February 27, 2017
By: Christine V. Williams
Not Legal Advice: Please consult your attorney for specific legal advice that may apply to you
In the Government’s 2016 fiscal year, it recovered $4.7 billion in settlements and judgments under the False Claims Act (“FCA”); becoming the third highest year in recovery. Attorney General Sessions has indicated that the FCA violations will be aggressively pursued under this administration.
The FCA provides a cause of action against anyone who submits or causes to be submitted a false claim to the Government. Violation of the FCA exposes a person or company to treble damages (three times the actual damages) and has a mandatory penalty for each false claim. The FCA is a civil statute that is remedial in nature but punitive in design due to these treble damages and mandatory minimum penalty provisions. The FCA’s mandatory penalties may be imposed even where the government has suffered no damages. In 2016, the mandatory penalties were adjusted by various agencies, including the Department of Justice (“DOJ”).
Mandatory Penalties/Fines Per Claim (Invoice) Doubled In 2016
(a) For claims or statements made on or before October 23, 1996, the minimum penalty which may be assessed under 31 U.S.C. 3729 is $5,000 and the maximum penalty is $10,000.
(b) For claims or statements made after October 23, 1996, but before August 1, 2016, the minimum penalty which may be assessed under 31 U.S.C. 3729 is $5,500 and the maximum penalty is $11,000.
(c) For claims or statements made on or after August 1, 2016, but before January 1, 2017, the minimum penalty which may be assessed under 31 U.S.C. 3729 is $10,781 and the maximum penalty is $21,563.

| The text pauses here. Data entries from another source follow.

lemma degree_wronskian_le_rat_deg:
  assumes "is_rat_fun p q" and "rat_deg p q \<ge> 1"
  shows "degree (wronskian p q) \<le> 2 * rat_deg p q - 2"
proof (cases "degree p = degree q")
  case True
  have "q \<noteq> 0" using assms(1) by (simp add: is_rat_fun_def)
  define h where "h = p - smult (lead_coeff p / lead_coeff q) q"
  have "coeff h (degree q) = 0" and "degree h \<le> degree q"
    using True \<open>q \<noteq> 0\<close> by (auto simp: h_def intro: degree_diff_le)
  then have "degree h < degree q \<or> h = 0"
    by (metis le_neq_implies_less leading_coeff_0_iff)
  then have "degree h \<le> degree q - 1"
    by auto
  have "degree (wronskian p q) = degree (wronskian h q)"
    by (simp add: h_def wronskian_diff_smult)
  also have "\<dots> \<le> degree h + degree q - 1"
    by (rule degree_wronskian_le)
  finally show ?thesis
    using \<open>degree h \<le> degree q - 1\<close> True assms(2) by (simp add: rat_deg_def)
next
  case False
  then show ?thesis
    using degree_wronskian_le[of p q] by (simp add: rat_deg_def)
qed

lemma wronskian_nonzero:
  assumes "is_rat_fun p q" and "rat_deg p q \<ge> 1"
  shows "wronskian p q \<noteq> 0"
proof
  assume "wronskian p q = 0"
  then have eq: "pderiv p * q = p * pderiv q" by (simp add: wronskian_def)
  have "coprime q p" and "q \<noteq> 0"
    using assms(1) by (auto simp: is_rat_fun_def coprime_commute)
  have "q dvd p * pderiv q"
    by (metis eq dvd_triv_right)
  then have "q dvd pderiv q"
    using coprime_dvd_mult_right_iff[of q p "pderiv q"] \<open>coprime q p\<close> by simp
  then have "pderiv q = 0"
    using dvd_imp_degree_le[of q "pderiv q"] by (auto simp: degree_pderiv pderiv_eq_0_iff)
  then have "pderiv p = 0"
    using eq \<open>q \<noteq> 0\<close> by simp
  then show False
    using \<open>pderiv q = 0\<close> assms(2) by (simp add: pderiv_eq_0_iff rat_deg_def)
qed

definition fibre_poly :: "complex poly \<Rightarrow> complex poly \<Rightarrow> P1 \<Rightarrow> complex poly" where
  "fibre_poly p q s = (case s of None \<Rightarrow> q | Some c \<Rightarrow> p - smult c q)"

DOJ Applies the Annual Adjustment Retroactively in 2017
After the fines were doubled, due to a law passed by Congress in 2015 which made up for no adjustments being made for years, a formula was put in place to adjust the damages for inflation annually. On February 3, 2017, the DOJ not only made this annual inflation adjustment but made it retroactive to FCA violations that occurred after November 2, 2015, when Congress passed the annual adjustment law. In practice, for potential FCA defendants, this could mean that those defendants face increases adjustments to the fines as the case progresses. Some have speculated that threat of these types of adjustment could be used by the DOJ to leverage a settlement as the stakes in a case continue to rise.
The U.S. Supreme Court Revives a Case under the Escobar Standard
Universal Health Services v. Escobar (2016)
There was a split between the circuit courts in regards to implied liability under the FCA. (For the full update from Outlook Law, please click here: https://outlooklaw.com/wp-content/uploads/2016/06/FCA-Liability-Implied-Certification.pdf.) Specifically, some courts held contractors liable for “implied” certifications, meaning a Government contractor impliedly certifies that everything is true that is a condition of payment. Other courts imposed liability only when such certification is explicit. A few circuits found themselves in the middle-not imposing an automatic liability trigger, which all out implied certification seems to do, and not requiring full and explicit certifications to hold a Government contractor liable.
On June 16, 2016, the U.S. Supreme Court unanimously resolved the circuit split. The key questions resolved were the following: (1) omissions are misrepresentations, thereby implied certifications that are false may be a basis for liability if they are made knowingly and are material; (2) the FCA’s definition of what constitutes a defendant’s state of mind (or knowingly) when submitting an invoice is that the defendant must have implied or actual knowledge that the subject is material to inducing payment; and (3) the FCA definition of materiality cannot be so expansive so as to include every minor or insubstantial violation; especially when the Government routinely knows about the minor violation and pays such invoices anyway.
Since Escobar and now the U.S. Supreme Court Weighs In
Since the Escobar decision, courts have applied the standard somewhat differently with both the plaintiffs’ and the defendants’ bars declaring victory. In February of 2017, the U.S. Supreme Court revived a case that the Second Circuit dismissed under the implied liability theory. The Second Circuit had ruled that in order to be covered by the FCA, express compliance with a law or regulation must be a pre-requisite to payment. The U.S. Supreme Court weighed in stating that the Second Circuit must re-evaluate the case using the standards outlined above, not that whether or not the certification was an explicit and a condition of payment.
With increased fines, annual adjustments, and the Courts willing to apply the implied liability standard of Escobar, a Government contractor would be well-served to have a robust compliance system in place that ensures true and accurate certifications for its contracts, including those that are firm fixed price (which many have mistakenly believed are not at risk under the FCA).